From the moment my lil sis came home I doted on her. I used to rush home from school or wagging school as I did most days so I could feed her, play with her, spend time with her, bath her even change her nappies! I even used to get up a couple of times during the night to check on her as I was so scared of S.I.D.S I couldn't sleep well unless I checked on her to make sure she was still breathing & she was safe. I did that until she was 16 months old. That was when we still lived on the East Coast.
I was born & bred on the East Coast & I loved it. I used to spend all my time on my own just exploring, thinking & trying to stay out of her way which after my stepfather rescued us from the abusive boyfriend when I was about 4 and a half. I still remember standing on the side of the road at approx 4am waiting for my stepdad to pick us up in his semi truck & take us away from this horrible abusive arsehole she once loved and let him beat the shit out of me, burn me with his cigarettes & probably some things I have forgotten now as I was so young.

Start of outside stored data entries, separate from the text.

(* Let $d\ge 2$, let $\mathbb{F}_q$ be a finite field of odd characteristic, and let $S_j=\{x\in\mathbb{F}_q^d : Q(x)=j\}$ with $j\in\mathbb{F}_q^*$ and $Q$ a non-degenerate quadratic form over $\mathbb{F}_q$. Then \[R^*(2\rightarrow 4)\lesssim 1.\]
   Context: $\chi$ is a fixed non-trivial additive character of $\mathbb{F}_q$. A quadratic form $Q(x)=\sum_{i,k=1}^d a_{ik}x_ix_k$ with $a_{ik}=a_{ki}\in\mathbb{F}_q$ is non-degenerate if the matrix $(a_{ik})$ is invertible. For $f:S_j\to\mathbb{C}$ and $m\in\mathbb{F}_q^d$, $\widehat{fd\sigma}(m)=\frac{1}{\#S_j}\sum_{x\in S_j}\chi(-x\cdot m)f(x)$. Norms: $\|g\|_{L^r(\mathbb{F}_q^d,dm)}=\big(\sum_{m\in\mathbb{F}_q^d}|g(m)|^r\big)^{1/r}$ and $\|f\|_{L^p(S_j,d\sigma)}=\big(\frac{1}{\#S_j}\sum_{x\in S_j}|f(x)|^p\big)^{1/p}$. $R^*(p\rightarrow r)$ denotes the best constant such that $\|\widehat{fd\sigma}\|_{L^r(\mathbb{F}_q^d,dm)}\le R^*(p\rightarrow r)\|f\|_{L^p(S_j,d\sigma)}$ for all $f:S_j\to\mathbb{C}$. $X\lesssim Y$ means $X\le CY$ for a constant $C$ independent of $q$. *)

theory Defs
  imports Complex_Main "HOL-Algebra.Ring" "HOL-Library.FuncSet"
begin

text \<open>Finite fields are represented as HOL-Algebra rings with carrier contained in nat
  (every finite field is isomorphic to such a structure); this allows quantifying over all
  finite fields (of all sizes q) inside the statement.\<close>

definition vecs :: "nat ring \<Rightarrow> nat \<Rightarrow> (nat \<Rightarrow> nat) set" where
  "vecs R d = ({..<d} \<rightarrow>\<^sub>E carrier R)"

definition dotp :: "nat ring \<Rightarrow> nat \<Rightarrow> (nat \<Rightarrow> nat) \<Rightarrow> (nat \<Rightarrow> nat) \<Rightarrow> nat" where
  "dotp R d x m = finsum R (\<lambda>i. x i \<otimes>\<^bsub>R\<^esub> m i) {..<d}"

definition quad_form :: "nat ring \<Rightarrow> nat \<Rightarrow> (nat \<Rightarrow> nat \<Rightarrow> nat) \<Rightarrow> (nat \<Rightarrow> nat) \<Rightarrow> nat" where
  "quad_form R d a x = finsum R (\<lambda>i. finsum R (\<lambda>k. a i k \<otimes>\<^bsub>R\<^esub> x i \<otimes>\<^bsub>R\<^esub> x k) {..<d}) {..<d}"

definition sym_coeffs :: "nat ring \<Rightarrow> nat \<Rightarrow> (nat \<Rightarrow> nat \<Rightarrow> nat) \<Rightarrow> bool" where
  "sym_coeffs R d a \<longleftrightarrow> (\<forall>i<d. \<forall>k<d. a i k \<in> carrier R \<and> a i k = a k i)"

definition mat_invertible :: "nat ring \<Rightarrow> nat \<Rightarrow> (nat \<Rightarrow> nat \<Rightarrow> nat) \<Rightarrow> bool" where
  "mat_invertible R d a \<longleftrightarrow> (\<exists>b. (\<forall>i<d. \<forall>k<d. b i k \<in> carrier R) \<and>
     (\<forall>i<d. \<forall>l<d. finsum R (\<lambda>k. a i k \<otimes>\<^bsub>R\<^esub> b k l) {..<d} = (if i = l then \<one>\<^bsub>R\<^esub> else \<zero>\<^bsub>R\<^esub>)) \<and>
     (\<forall>i<d. \<forall>l<d. finsum R (\<lambda>k. b i k \<otimes>\<^bsub>R\<^esub> a k l) {..<d} = (if i = l then \<one>\<^bsub>R\<^esub> else \<zero>\<^bsub>R\<^esub>)))"

definition nontriv_add_char :: "nat ring \<Rightarrow> (nat \<Rightarrow> complex) \<Rightarrow> bool" where
  "nontriv_add_char R \<chi> \<longleftrightarrow>
     (\<forall>a\<in>carrier R. \<chi> a \<noteq> 0) \<and>
     (\<forall>a\<in>carrier R. \<forall>b\<in>carrier R. \<chi> (a \<oplus>\<^bsub>R\<^esub> b) = \<chi> a * \<chi> b) \<and>
     (\<exists>a\<in>carrier R. \<chi> a \<noteq> 1)"

definition sphere_set :: "nat ring \<Rightarrow> nat \<Rightarrow> (nat \<Rightarrow> nat \<Rightarrow> nat) \<Rightarrow> nat \<Rightarrow> (nat \<Rightarrow> nat) set" where
  "sphere_set R d a j = {x \<in> vecs R d. quad_form R d a x = j}"

definition ext_op :: "nat ring \<Rightarrow> nat \<Rightarrow> (nat \<Rightarrow> complex) \<Rightarrow> (nat \<Rightarrow> nat) set
    \<Rightarrow> ((nat \<Rightarrow> nat) \<Rightarrow> complex) \<Rightarrow> (nat \<Rightarrow> nat) \<Rightarrow> complex" where
  "ext_op R d \<chi> S f m = (1 / of_nat (card S)) * (\<Sum>x\<in>S. \<chi> (\<ominus>\<^bsub>R\<^esub> dotp R d x m) * f x)"

definition norm_dm :: "nat ring \<Rightarrow> nat \<Rightarrow> real \<Rightarrow> ((nat \<Rightarrow> nat) \<Rightarrow> complex) \<Rightarrow> real" where
  "norm_dm R d r g = (\<Sum>m\<in>vecs R d. cmod (g m) powr r) powr (1 / r)"

definition norm_dsigma :: "(nat \<Rightarrow> nat) set \<Rightarrow> real \<Rightarrow> ((nat \<Rightarrow> nat) \<Rightarrow> complex) \<Rightarrow> real" where
  "norm_dsigma S p f = ((1 / real (card S)) * (\<Sum>x\<in>S. cmod (f x) powr p)) powr (1 / p)"

definition R_star :: "nat ring \<Rightarrow> nat \<Rightarrow> (nat \<Rightarrow> complex) \<Rightarrow> (nat \<Rightarrow> nat) set \<Rightarrow> real \<Rightarrow> real \<Rightarrow> real" where
  "R_star R d \<chi> S p r = Inf {C. 0 \<le> C \<and> (\<forall>f. norm_dm R d r (ext_op R d \<chi> S f) \<le> C * norm_dsigma S p f)}"

end

theory Submission
  imports Defs "HOL-Algebra.Multiplicative_Group"
begin

(* Two facts about S = {Q = j} give the bound. First, S is large: expanding the indicator of Q = j in
   additive characters leaves an error made of quadratic Gauss sums of modulus q^(d/2), and averaging
   over the substitutions t \<mapsto> t u\<^sup>2 turns the remaining phases into one-dimensional Gauss sums,
   so |S| \<ge> q^(d-1)/20. Second, S has small additive energy: for a \<noteq> 0 the points x \<in> S with a - x \<in> S
   lie on a hyperplane section of S, and that hyperplane splits into q^(d-2) parallel lines, none contained
   in S, each meeting S in at most two points, so there are at most 2 q^(d-2) of them. By Parseval,
   the fourth power of the L\<^sup>4 norm of the extension is q^d |S|^(-4) times the |f|-weighted additive
   energy of S, hence at most 3 q^(2d-2) |S|^(-2) \<le> 1200 times the fourth power of the L\<^sup>2(d\<sigma>) norm
   of f. *)

lemma sum_eq_0_if_shift_scales:
  fixes f :: "'a \<Rightarrow> 'b::field"
  assumes \<tau>: "bij_betw \<tau> A A" and scale: "\<And>x. x \<in> A \<Longrightarrow> f (\<tau> x) = z * f x" and "z \<noteq> 1"
  shows "sum f A = 0"
proof -
  have "sum f A = (\<Sum>x\<in>A. f (\<tau> x))" using sum.reindex_bij_betw[OF \<tau>, of f] by simp
  also have "\<dots> = z * sum f A" by (simp add: scale sum_distrib_left)
  finally have "(z - 1) * sum f A = 0" by (simp add: algebra_simps)
  with \<open>z \<noteq> 1\<close> show ?thesis by simp
qed

lemma sum_pairs_le_by_row_count:
  fixes a :: "'a \<Rightarrow> real"
  assumes sym: "\<And>p p'. c p p' \<longleftrightarrow> c p' p"
    and rows: "\<And>p. p \<in> P \<Longrightarrow> real (card {p' \<in> P. c p p'}) \<le> M"
    and "finite P"
  shows "(\<Sum>p\<in>P. \<Sum>p'\<in>P. if c p p' then a p * a p' else 0) \<le> M * (\<Sum>p\<in>P. (a p)\<^sup>2)"
proof -
  let ?half = "\<lambda>p p'. if c p p' then (a p)\<^sup>2 / 2 else 0"
  have pointwise: "(if c p p' then a p * a p' else 0) \<le> ?half p p' + ?half p' p" for p p'
    using sum_squares_bound[of "a p" "a p'"] sym[of p p'] by (simp add: field_simps)
  have "(\<Sum>p\<in>P. \<Sum>p'\<in>P. if c p p' then a p * a p' else 0)
      \<le> (\<Sum>p\<in>P. \<Sum>p'\<in>P. ?half p p' + ?half p' p)"
    by (intro sum_mono pointwise)
  also have "\<dots> = 2 * (\<Sum>p\<in>P. \<Sum>p'\<in>P. ?half p p')"
    by (simp add: sum.distrib sum.swap[of "\<lambda>p p'. ?half p' p"])
  also have "\<dots> = (\<Sum>p\<in>P. (a p)\<^sup>2 * real (card {p' \<in> P. c p p'}))"
    using \<open>finite P\<close> by (simp add: sum.If_cases Int_def sum_distrib_left mult.commute)
  also have "\<dots> \<le> (\<Sum>p\<in>P. (a p)\<^sup>2 * M)"
    using rows by (intro sum_mono mult_left_mono) auto
  finally show ?thesis by (simp add: sum_distrib_left mult.commute)
qed

lemma powr_quarter_le:
  fixes x y :: real
  assumes "0 \<le> x" "0 \<le> y" "x \<le> y ^ 4"
  shows "x powr (1 / 4) \<le> y"
proof -
  have "x powr (1 / 4) \<le> (y ^ 4) powr (1 / 4)" using assms by (intro powr_mono2) auto
  also have "\<dots> = (y powr 4) powr (1 / 4)" using powr_realpow'[of y 4] assms(2) by simp
  also have "\<dots> = y powr (4 * (1 / 4))" by (rule powr_powr)
  also have "\<dots> = y" using assms(2) by simp
  finally show ?thesis .
qed

lemma (in abelian_monoid) finsum_swap:
  assumes "finite I" "finite J" "\<And>i k. i \<in> I \<Longrightarrow> k \<in> J \<Longrightarrow> f i k \<in> carrier G"
  shows "(\<Oplus>i\<in>I. \<Oplus>k\<in>J. f i k) = (\<Oplus>k\<in>J. \<Oplus>i\<in>I. f i k)"
  using assms
proof (induction I rule: finite_induct)
  case (insert x F)
  have "(\<Oplus>i\<in>insert x F. \<Oplus>k\<in>J. f i k) = (\<Oplus>k\<in>J. f x k) \<oplus> (\<Oplus>k\<in>J. \<Oplus>i\<in>F. f i k)"
    using insert by (subst finsum_insert) (auto intro!: finsum_closed)
  also have "\<dots> = (\<Oplus>k\<in>J. f x k \<oplus> (\<Oplus>i\<in>F. f i k))"
    using insert by (intro finsum_addf[symmetric]) (auto intro!: finsum_closed)
  also have "\<dots> = (\<Oplus>k\<in>J. \<Oplus>i\<in>insert x F. f i k)"
    using insert by (intro finsum_cong) (auto intro!: finsum_closed simp: finsum_insert)
  finally show ?case .
qed simp

lemma (in field) nonzero_inverse:
  assumes "a \<in> carrier R" "a \<noteq> \<zero>"
  shows "inv a \<in> carrier R" "inv a \<noteq> \<zero>" "inv a \<otimes> a = \<one>" "a \<otimes> inv a = \<one>" "inv (inv a) = a"
proof -
  have "a \<in> Units R" using assms field_Units by blast
  then show "inv a \<in> carrier R" "inv a \<otimes> a = \<one>" "a \<otimes> inv a = \<one>" "inv (inv a) = a" by auto
  then show "inv a \<noteq> \<zero>" using assms by auto
qed

lemma (in field) quadratic_roots_subset:
  assumes abc: "\<alpha> \<in> carrier R" "\<beta> \<in> carrier R" "\<gamma> \<in> carrier R" and "\<alpha> \<noteq> \<zero>"
    and t1: "t1 \<in> carrier R" "\<alpha> \<otimes> t1 \<otimes> t1 \<oplus> \<beta> \<otimes> t1 \<oplus> \<gamma> = \<zero>"
  shows "{t \<in> carrier R. \<alpha> \<otimes> t \<otimes> t \<oplus> \<beta> \<otimes> t \<oplus> \<gamma> = \<zero>} \<subseteq> {t1, inv \<alpha> \<otimes> \<ominus> \<beta> \<ominus> t1}"
proof
  fix t assume "t \<in> {t \<in> carrier R. \<alpha> \<otimes> t \<otimes> t \<oplus> \<beta> \<otimes> t \<oplus> \<gamma> = \<zero>}"
  then have t: "t \<in> carrier R" "\<alpha> \<otimes> t \<otimes> t \<oplus> \<beta> \<otimes> t \<oplus> \<gamma> = \<zero>" by auto
  note inv\<alpha> = nonzero_inverse[OF abc(1) \<open>\<alpha> \<noteq> \<zero>\<close>]
  have "(t \<ominus> t1) \<otimes> (\<alpha> \<otimes> (t \<oplus> t1) \<oplus> \<beta>) =
        (\<alpha> \<otimes> t \<otimes> t \<oplus> \<beta> \<otimes> t \<oplus> \<gamma>) \<ominus> (\<alpha> \<otimes> t1 \<otimes> t1 \<oplus> \<beta> \<otimes> t1 \<oplus> \<gamma>)"
    using t(1) t1(1) abc by algebra
  also have "\<dots> = \<zero>" by (simp only: t(2) t1(2)) (simp add: a_minus_def)
  finally consider "t = t1" | "\<alpha> \<otimes> (t \<oplus> t1) = \<ominus> \<beta>"
    using t(1) t1(1) abc by (auto simp: integral_iff sum_zero_eq_neg)
  then show "t \<in> {t1, inv \<alpha> \<otimes> \<ominus> \<beta> \<ominus> t1}"
  proof cases
    case 2
    have "t \<oplus> t1 = inv \<alpha> \<otimes> (\<alpha> \<otimes> (t \<oplus> t1))"
      using t(1) t1(1) abc inv\<alpha> by (simp add: m_assoc[symmetric])
    then have "inv \<alpha> \<otimes> \<ominus> \<beta> = t \<oplus> t1" using 2 by simp
    then show ?thesis using t(1) t1(1) by (simp add: a_minus_def a_assoc r_neg)
  qed simp
qed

I thought of my stepdad as a hero as he had taken me away from the arsehole & I started being properly fed most of the time & clothed.

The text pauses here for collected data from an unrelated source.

lemma dim_kernel_additive:
  fixes f :: "(nat \<Rightarrow> bit) \<Rightarrow> bit"
  assumes S: "V.subspace S" "S \<subseteq> Vsp m" and add: "\<And>x y. f (x + y) = f x + f y"
    and b: "b \<in> S" "f b = 1"
  shows "dimV {y \<in> S. f y = 0} = dimV S - 1"
proof -
  define K where "K = {y \<in> S. f y = 0}"
  have K: "V.subspace K" unfolding K_def by (intro subspace_kernel_additive S(1) add)
  obtain C where C: "C \<subseteq> K" "V.independent C" "K \<subseteq> spanV C" "card C = dimV K"
    using V.basis_exists by metis
  have "spanV C = K" using V.span_subspace C K by blast
  then have "b \<notin> spanV C" using b unfolding K_def by simp
  then have indep: "V.independent (insert b C)" using V.independent_insertI C(2) by blast
  have span_C: "spanV C \<subseteq> spanV (insert b C)" by (rule V.span_mono) blast
  have span_b: "b \<in> spanV (insert b C)" by (rule V.span_base) simp
  have "S \<subseteq> spanV (insert b C)"
  proof
    fix s assume "s \<in> S"
    have "s + b \<in> S" using V.subspace_add[OF S(1) \<open>s \<in> S\<close> b(1)] .
    show "s \<in> spanV (insert b C)"
    proof (cases "f s = 0")
      case True
      then show ?thesis using \<open>s \<in> S\<close> \<open>spanV C = K\<close> span_C unfolding K_def by auto
    next
      case False
      then have "s + b \<in> spanV C"
        using \<open>s + b \<in> S\<close> \<open>spanV C = K\<close> b(2) add[of s b] unfolding K_def by simp
      then have "(s + b) + b \<in> spanV (insert b C)" using V.span_add span_C span_b by blast
      then show ?thesis by (simp add: add.assoc)
    qed
  qed
  moreover have "insert b C \<subseteq> S" using C(1) b(1) unfolding K_def by auto
  ultimately have "card (insert b C) = dimV S"
    using V.basis_card_eq_dim[OF _ _ indep] by simp
  moreover have "C \<subseteq> Vsp m" using C(1) S(2) unfolding K_def by auto
  then have "finite C" using independent_in_Vsp_finite_card_le C(2) by simp
  moreover have "b \<notin> C" using \<open>b \<notin> spanV C\<close> V.span_base by auto
  ultimately show ?thesis using C(4) unfolding K_def by simp
qed

lemma exists_separating_additive:
  fixes f g :: "'a :: plus \<Rightarrow> bit"
  assumes closed: "\<And>p q. p \<in> S \<Longrightarrow> q \<in> S \<Longrightarrow> p + q \<in> S"
    and f: "\<And>p q. f (p + q) = f p + f q" and g: "\<And>p q. g (p + q) = g p + g q"
    and p1: "p1 \<in> S" "g p1 = 1" and p2: "p2 \<in> S" "f p2 + g p2 = 1"
  shows "\<exists>p\<in>S. f p = 0 \<and> g p = 1"
proof (cases "f p1 = 0")
  case False
  show ?thesis
  proof (cases "f p2 = 0")
    case False
    then have "f (p1 + p2) = 0" "g (p1 + p2) = 1"
      using \<open>f p1 \<noteq> 0\<close> p1(2) p2(2) f g by simp_all
    then show ?thesis using closed[OF p1(1) p2(1)] by blast
  qed (use p2 in auto)
qed (use p1 in auto)

locale opposite_singular_subspaces =
  fixes n :: nat and Pi Sigma :: "(nat \<Rightarrow> bit) set"
  assumes Pi_singular: "totally_singular n Pi" and dim_Pi: "dimV Pi = n"
    and Sigma_singular: "totally_singular n Sigma" and dim_Sigma: "dimV Sigma = n"
    and Pi_Int_Sigma: "Pi \<inter> Sigma = {0}"
begin

lemma subspace_Pi: "V.subspace Pi" "Pi \<subseteq> Vsp (2*n)"
  and subspace_Sigma: "V.subspace Sigma" "Sigma \<subseteq> Vsp (2*n)"
  using Pi_singular Sigma_singular unfolding totally_singular_def is_subspace_def by auto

As a toddler being neglected I had only scrummy second hand dresses & no panties. For a while after my stepdad had rescued me I still had second hand clothing but I had new panties to wear. The only thing I can think of of where I felt humiliated & hurt by my stepdad was when he used to tease me and call me "no panties girl" as a reference to when I had no underwear & he bought me my first pairs of panties. And when he used to join in with her and threaten to send me away to the dreaded girls home. After a while I began to wish she would send me there! Just to get away from her and feeling so unwanted & unloved as I couldn't understand that if she hated me so much as she made clear, why did she keep me? Why didn't she put me up for adoption?

Friday, April 16, 2010

Early years

From the time I have my earliest memory I knew my mother didn't love me. It was hard to understand as a 3& half year old, but as a kid you just know it; you feel it in the total disinterest in you. Not feeding you not clothing you properly, not caring if I wandered around on my own looking for something to do, anything to keep me away from her & the boyfriend who used to delight in tormenting me. I remember once being bashed & thrown against the caravan walls because I refused to call him Daddy. I knew he wasn't my father even at that young age. One of his favourite party games was putting out his cigarettes on my arms, yeah what a real charmer! Mother was never any help as she was either of her face on drugs & she just didnt care, she loved him & I was just in her way. She wished I'd never been born she used to tell me, I ruined her life, she should send me away to the little girls home where all the bad& horrible girls like me belonged.